Work task =>
I would like the number of lines in the data that contain the word "proof". Please give that number alone.

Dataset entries
>>
(* For every signed permutation $\pi\in\mathfrak{B}_n$, \[\mathfrak{d}_B(\pi)=2^{\operatorname{pe}_B(\pi)+\varsigma(\pi)}\sum_{\substack{D\subseteq\{0,1,\dots,n-1\}\\ \operatorname{Pe}_B(\pi)\subseteq D\,\triangle\,(D+1)\\ \pi(1)<0\ \Rightarrow\ 0\in D}}L_D,\] where $D+1=\{d+1:d\in D\}$ and $\triangle$ is symmetric difference.
   Context: $\mathfrak{B}_n$ is the group of signed permutations (bijections $\pi$ of $\{-n,\dots,n\}$ with $\pi(-i)=-\pi(i)$), written as words, with $\pi(0)=0$. $\operatorname{Pe}_B(\pi)$ is the set of $i\in\{1,\dots,n-1\}$ with $\pi(i-1)<\pi(i)>\pi(i+1)$, $\operatorname{pe}_B(\pi)=|\operatorname{Pe}_B(\pi)|$, and $\varsigma(\pi)$ is $0$ if $\pi(1)>0$ and $1$ if $\pi(1)<0$. Work in formal power series in commuting variables $z_0,z_1,\dots$. For $E=\{e_1<\dots<e_m\}\subseteq\{0,\dots,n-1\}$ put $e_{m+1}=n$ and $N_E=\sum_{0<i_1<\dots<i_m}z_0^{e_1}\prod_{r=1}^m z_{i_r}^{e_{r+1}-e_r}$ (so $N_\emptyset=z_0^n$), and $L_D=\sum_{D\subseteq T\subseteq\{0,\dots,n-1\}}N_T$. Let $Z$ be the totally ordered set $0<\bar1<1<\bar2<2<\cdots$, with $0$ and unbarred $j$ "plus-type" and barred $\bar j$ "minus-type", and $|0|=0$, $|\bar j|=|j|=j$. Define $\mathfrak{d}_B(\pi)=\sum\prod_{s=1}^n z_{|a_s|}$, summed over all sequences $(a_1,\dots,a_n)\in Z^n$ such that, with $a_0=0$, $a_0\le a_1\le\dots\le a_n$ and for each $s\in\{0,\dots,n-1\}$: if $\pi(s)<\pi(s+1)$ then $a_s<a_{s+1}$ or ($a_s=a_{s+1}$ is plus-type); if $\pi(s)>\pi(s+1)$ then $a_s<a_{s+1}$ or ($a_s=a_{s+1}$ is minus-type). *)

theory Defs
  imports Main "HOL-Library.Multiset"
begin

definition signed_perm :: "nat \<Rightarrow> (int \<Rightarrow> int) \<Rightarrow> bool" where
  "signed_perm n \<pi> \<longleftrightarrow> bij_betw \<pi> {- int n..int n} {- int n..int n} \<and> (\<forall>i. \<pi> (- i) = - \<pi> i)"

definition PeB :: "nat \<Rightarrow> (int \<Rightarrow> int) \<Rightarrow> nat set" where
  "PeB n \<pi> = {i \<in> {1..n-1}. \<pi> (int i - 1) < \<pi> (int i) \<and> \<pi> (int i) > \<pi> (int i + 1)}"

definition peB :: "nat \<Rightarrow> (int \<Rightarrow> int) \<Rightarrow> nat" where
  "peB n \<pi> = card (PeB n \<pi>)"

definition varsigma :: "(int \<Rightarrow> int) \<Rightarrow> nat" where
  "varsigma \<pi> = (if \<pi> 1 < 0 then 1 else 0)"

(* Formal power series in commuting variables z_0, z_1, ... are represented by
   their coefficient functions: a monomial  prod_j z_j^(k_j)  is the multiset of
   variable indices in which j has multiplicity k_j. *)
type_synonym monomial = "nat multiset"

(* The totally ordered set Z = 0 < bar1 < 1 < bar2 < 2 < ... is encoded in nat
   order-preservingly: 0 |-> 0, bar j |-> 2j-1, j |-> 2j.
   Plus-type elements (0 and unbarred j) are the even codes, minus-type (bar j) the odd ones;
   |a| is recovered as (a+1) div 2. *)
definition zabs :: "nat \<Rightarrow> nat" where "zabs a = (a + 1) div 2"
definition plus_type :: "nat \<Rightarrow> bool" where "plus_type a \<longleftrightarrow> even a"
definition minus_type :: "nat \<Rightarrow> bool" where "minus_type a \<longleftrightarrow> odd a"

(* admissible sequences (a_1,...,a_n) in Z^n for d_B(pi); the list a is (a_1..a_n), a_0 = 0 *)
definition dB_seqs :: "nat \<Rightarrow> (int \<Rightarrow> int) \<Rightarrow> nat list set" where
  "dB_seqs n \<pi> = {a. length a = n \<and>
     (let b = 0 # a in
      (\<forall>s<n. b ! s \<le> b ! (s+1)) \<and>
      (\<forall>s<n. \<pi> (int s) < \<pi> (int s + 1) \<longrightarrow>
               (b ! s < b ! (s+1) \<or> (b ! s = b ! (s+1) \<and> plus_type (b ! s)))) \<and>
      (\<forall>s<n. \<pi> (int s) > \<pi> (int s + 1) \<longrightarrow>
               (b ! s < b ! (s+1) \<or> (b ! s = b ! (s+1) \<and> minus_type (b ! s)))))}"

definition dB_coef :: "nat \<Rightarrow> (int \<Rightarrow> int) \<Rightarrow> monomial \<Rightarrow> nat" where
  "dB_coef n \<pi> M = card {a \<in> dB_seqs n \<pi>. mset (map zabs a) = M}"

definition N_mono :: "nat \<Rightarrow> nat set \<Rightarrow> nat list \<Rightarrow> monomial" where
  "N_mono n E is = (let es = sorted_list_of_set E; ends = es @ [n] in
      replicate_mset (hd ends) 0 +
      (\<Sum>r<length es. replicate_mset (ends ! (r+1) - ends ! r) (is ! r)))"

definition N_coef :: "nat \<Rightarrow> nat set \<Rightarrow> monomial \<Rightarrow> nat" where
  "N_coef n E M = card {is. length is = card E \<and> sorted_wrt (<) is \<and> (\<forall>i\<in>set is. 0 < i)
                          \<and> N_mono n E is = M}"

definition L_coef :: "nat \<Rightarrow> nat set \<Rightarrow> monomial \<Rightarrow> nat" where
  "L_coef n D M = (\<Sum>T \<in> {T. D \<subseteq> T \<and> T \<subseteq> {0..<n}}. N_coef n T M)"

definition symdiff :: "'a set \<Rightarrow> 'a set \<Rightarrow> 'a set" where
  "symdiff A B = (A - B) \<union> (B - A)"

end

theory Submission
  imports Defs
begin

text \<open>
  Both sides vanish at monomials of degree other than n. At any other monomial M = mset c with
  c sorted, let J be the set of positions where 0 # c strictly increases. The coefficient of N_T
  at M is [T = J], so the sum on the right counts the D \<subseteq> J that meet each pair {i - 1, i}
  of a peak i, and {0} if \<pi>(1) < 0, in an odd number of elements. Peaks are never adjacent, so
  these constraint sets are pairwise disjoint, and toggling one element of each halves the
  count; hence the right-hand side is 2^|J| if every constraint set meets J, and 0 otherwise.

  On the left, a sequence a with |a| = c splits along the blocks of equal entries of c. A block
  of value v > 0 is filled by barred v's followed by unbarred ones; the cut between them has
  exactly two admissible positions if the steps inside the block contain no peak, and none
  otherwise, while the block of zeros admits only ascents. There is one positive block per
  element of J, and a peak or initial descent fails to touch J exactly when it lies inside a
  block, so the left-hand side is 2^|J| under the same condition and 0 otherwise.
\<close>

section \<open>Subsets with prescribed parities\<close>

lemma card_involution_halves:
  assumes "finite A" and "f ` A \<subseteq> A" and "\<And>x. x \<in> A \<Longrightarrow> f (f x) = x"
    and "\<And>x. x \<in> A \<Longrightarrow> R (f x) \<longleftrightarrow> \<not> R x"
  shows "2 * card {x \<in> A. R x} = card A"
proof -
  have "f ` {x \<in> A. R x} = {x \<in> A. \<not> R x}"
  proof (intro equalityI subsetI)
    fix y assume "y \<in> f ` {x \<in> A. R x}"
    then show "y \<in> {x \<in> A. \<not> R x}" using assms(2,4) by auto
  next
    fix y assume y: "y \<in> {x \<in> A. \<not> R x}"
    then have "f y \<in> {x \<in> A. R x}" using assms(2,4) by auto
    then show "y \<in> f ` {x \<in> A. R x}" using assms(3) y by (metis image_eqI mem_Collect_eq)
  qed
  moreover have "inj_on f {x \<in> A. R x}"
    by (rule inj_on_inverseI[where g = f]) (use assms(3) in auto)
  ultimately have "card {x \<in> A. \<not> R x} = card {x \<in> A. R x}"
    by (metis card_image)
  moreover have "card A = card {x \<in> A. R x} + card {x \<in> A. \<not> R x}"
    using assms(1) by (subst card_Un_disjoint[symmetric]) (auto intro: arg_cong[where f = card])
  ultimately show ?thesis by simp
qed

lemma odd_card_symdiff_singleton:
  assumes "finite D" and "e \<in> S"
  shows "odd (card (symdiff D {e} \<inter> S)) \<longleftrightarrow> \<not> odd (card (D \<inter> S))"
proof (cases "e \<in> D")
  case True
  then have "symdiff D {e} \<inter> S = (D \<inter> S) - {e}" and "e \<in> D \<inter> S"
    and "0 < card (D \<inter> S)"
    using assms by (auto simp: symdiff_def card_gt_0_iff)
  then show ?thesis by simp
next
  case False
  then have "symdiff D {e} \<inter> S = insert e (D \<inter> S)" and "e \<notin> D \<inter> S"
    using assms(2) by (auto simp: symdiff_def)
  then show ?thesis using assms(1) by simp
qed

lemma card_subsets_odd_toggle:
  assumes "finite T" and "e \<in> S" and "e \<in> T" and "\<forall>S' \<in> \<S>. e \<notin> S'"
  shows "2 * card {D. D \<subseteq> T \<and> (\<forall>S'\<in>\<S>. odd (card (D \<inter> S'))) \<and> odd (card (D \<inter> S))}
    = card {D. D \<subseteq> T \<and> (\<forall>S'\<in>\<S>. odd (card (D \<inter> S')))}"
proof -
  let ?A = "{D. D \<subseteq> T \<and> (\<forall>S'\<in>\<S>. odd (card (D \<inter> S')))}"
  have "finite ?A" by (rule finite_subset[of _ "Pow T"]) (use assms(1) in auto)
  then have "2 * card {D \<in> ?A. odd (card (D \<inter> S))} = card ?A"
  proof (rule card_involution_halves[where f = "\<lambda>D. symdiff D {e}"])
    fix D assume "D \<in> ?A"
    then have "finite D" using assms(1) finite_subset by auto
    show "symdiff (symdiff D {e}) {e} = D" by (auto simp: symdiff_def)
    show "odd (card (symdiff D {e} \<inter> S)) \<longleftrightarrow> \<not> odd (card (D \<inter> S))"
      using \<open>finite D\<close> assms(2) by (rule odd_card_symdiff_singleton)
  next
    show "(\<lambda>D. symdiff D {e}) ` ?A \<subseteq> ?A"
    proof (rule image_subsetI)
      fix D assume D: "D \<in> ?A"
      have "symdiff D {e} \<inter> S' = D \<inter> S'" if "S' \<in> \<S>" for S'
        using assms(4) that by (auto simp: symdiff_def)
      moreover have "symdiff D {e} \<subseteq> T"
        using assms(3) D by (auto simp: symdiff_def)
      ultimately show "symdiff D {e} \<in> ?A" using D by simp
    qed
  qed
  then show ?thesis by (simp add: conj_assoc)
qed

lemma card_subsets_odd_intersections:
  assumes "finite T" and "finite \<S>" and "pairwise disjnt \<S>"
  shows "2 ^ card \<S> * card {D. D \<subseteq> T \<and> (\<forall>S\<in>\<S>. odd (card (D \<inter> S)))}
    = (if \<forall>S\<in>\<S>. S \<inter> T \<noteq> {} then 2 ^ card T else 0)"
  using assms(2,3)
proof (induction \<S> rule: finite_induct)
  case empty
  have "{D. D \<subseteq> T \<and> (\<forall>S\<in>{}. odd (card (D \<inter> S)))} = Pow T" by auto
  then show ?case using assms(1) by (simp add: card_Pow)
next
  case (insert S \<S>)
  let ?Q = "\<lambda>D. D \<subseteq> T \<and> (\<forall>S\<in>\<S>. odd (card (D \<inter> S)))"
  have IH: "2 ^ card \<S> * card {D. ?Q D} = (if \<forall>S\<in>\<S>. S \<inter> T \<noteq> {} then 2 ^ card T else 0)"
    using insert.IH insert.prems by (simp add: pairwise_insert)
  have split: "{D. D \<subseteq> T \<and> (\<forall>S'\<in>insert S \<S>. odd (card (D \<inter> S')))}
      = {D. ?Q D \<and> odd (card (D \<inter> S))}" by auto
  show ?case
  proof (cases "S \<inter> T = {}")
    case True
    then have "D \<inter> S = {}" if "D \<subseteq> T" for D using that by blast
    then have none: "{D. ?Q D \<and> odd (card (D \<inter> S))} = {}" by auto
    have "\<not> (\<forall>S'\<in>insert S \<S>. S' \<inter> T \<noteq> {})" using True by blast
    then show ?thesis unfolding split none by (simp only: card.empty mult_0_right if_False)
  next
    case False
    then obtain e where e: "e \<in> S" "e \<in> T" by blast
    have "disjnt S S'" if "S' \<in> \<S>" for S'
      using insert.prems insert.hyps(2) that unfolding pairwise_def by (metis insertCI)
    then have "\<forall>S' \<in> \<S>. e \<notin> S'" using e(1) by (auto simp: disjnt_def)
    then have "2 ^ card (insert S \<S>) * card {D. ?Q D \<and> odd (card (D \<inter> S))}
        = 2 ^ card \<S> * card {D. ?Q D}"
      using card_subsets_odd_toggle[OF assms(1) e] insert.hyps by (simp add: mult.assoc)
    moreover have "(\<forall>S'\<in>insert S \<S>. S' \<inter> T \<noteq> {}) \<longleftrightarrow> (\<forall>S'\<in>\<S>. S' \<inter> T \<noteq> {})"
      using False by blast
    ultimately show ?thesis unfolding split IH by presburger
  qed
qed

section \<open>The monomials N_T\<close>

definition rank :: "nat set \<Rightarrow> nat \<Rightarrow> nat" where
  "rank T p = card {e \<in> T. e < p}"

lemma rank_0 [simp]: "rank T 0 = 0"
  by (simp add: rank_def)

lemma rank_Suc: "rank T (Suc p) = rank T p + of_bool (p \<in> T)"
proof (cases "p \<in> T")
  case True
  then have "{e \<in> T. e < Suc p} = insert p {e \<in> T. e < p}" by auto
  then show ?thesis using True by (simp add: rank_def)
next
  case False
  then have "{e \<in> T. e < Suc p} = {e \<in> T. e < p}" using less_Suc_eq by auto
  then show ?thesis using False by (simp add: rank_def)
qed

lemma rank_mono: "p \<le> q \<Longrightarrow> rank T p \<le> rank T q"
  unfolding rank_def by (rule card_mono) auto

lemma rank_le_card: "finite T \<Longrightarrow> rank T p \<le> card T"
  unfolding rank_def by (rule card_mono) auto

lemma rank_less_card: "finite T \<Longrightarrow> p \<in> T \<Longrightarrow> rank T p < card T"
  unfolding rank_def by (rule psubset_card_mono) auto

lemma rank_strict_mono: "x \<in> T \<Longrightarrow> x < y \<Longrightarrow> rank T x < rank T y"
  using rank_Suc[of T x] rank_mono[of "Suc x" y T] by simp

lemma bij_betw_rank: "finite T \<Longrightarrow> bij_betw (rank T) T {..<card T}"
proof (rule bij_betw_imageI)
  show inj: "inj_on (rank T) T"
    by (rule inj_onI) (metis linorder_neqE_nat rank_strict_mono less_irrefl)
  assume "finite T"
  then have "rank T ` T \<subseteq> {..<card T}" by (auto intro: rank_less_card)
  moreover have "card (rank T ` T) = card {..<card T}" using card_image[OF inj] by simp
  ultimately show "rank T ` T = {..<card T}" by (intro card_subset_eq) auto
qed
<<
Task solution =>
10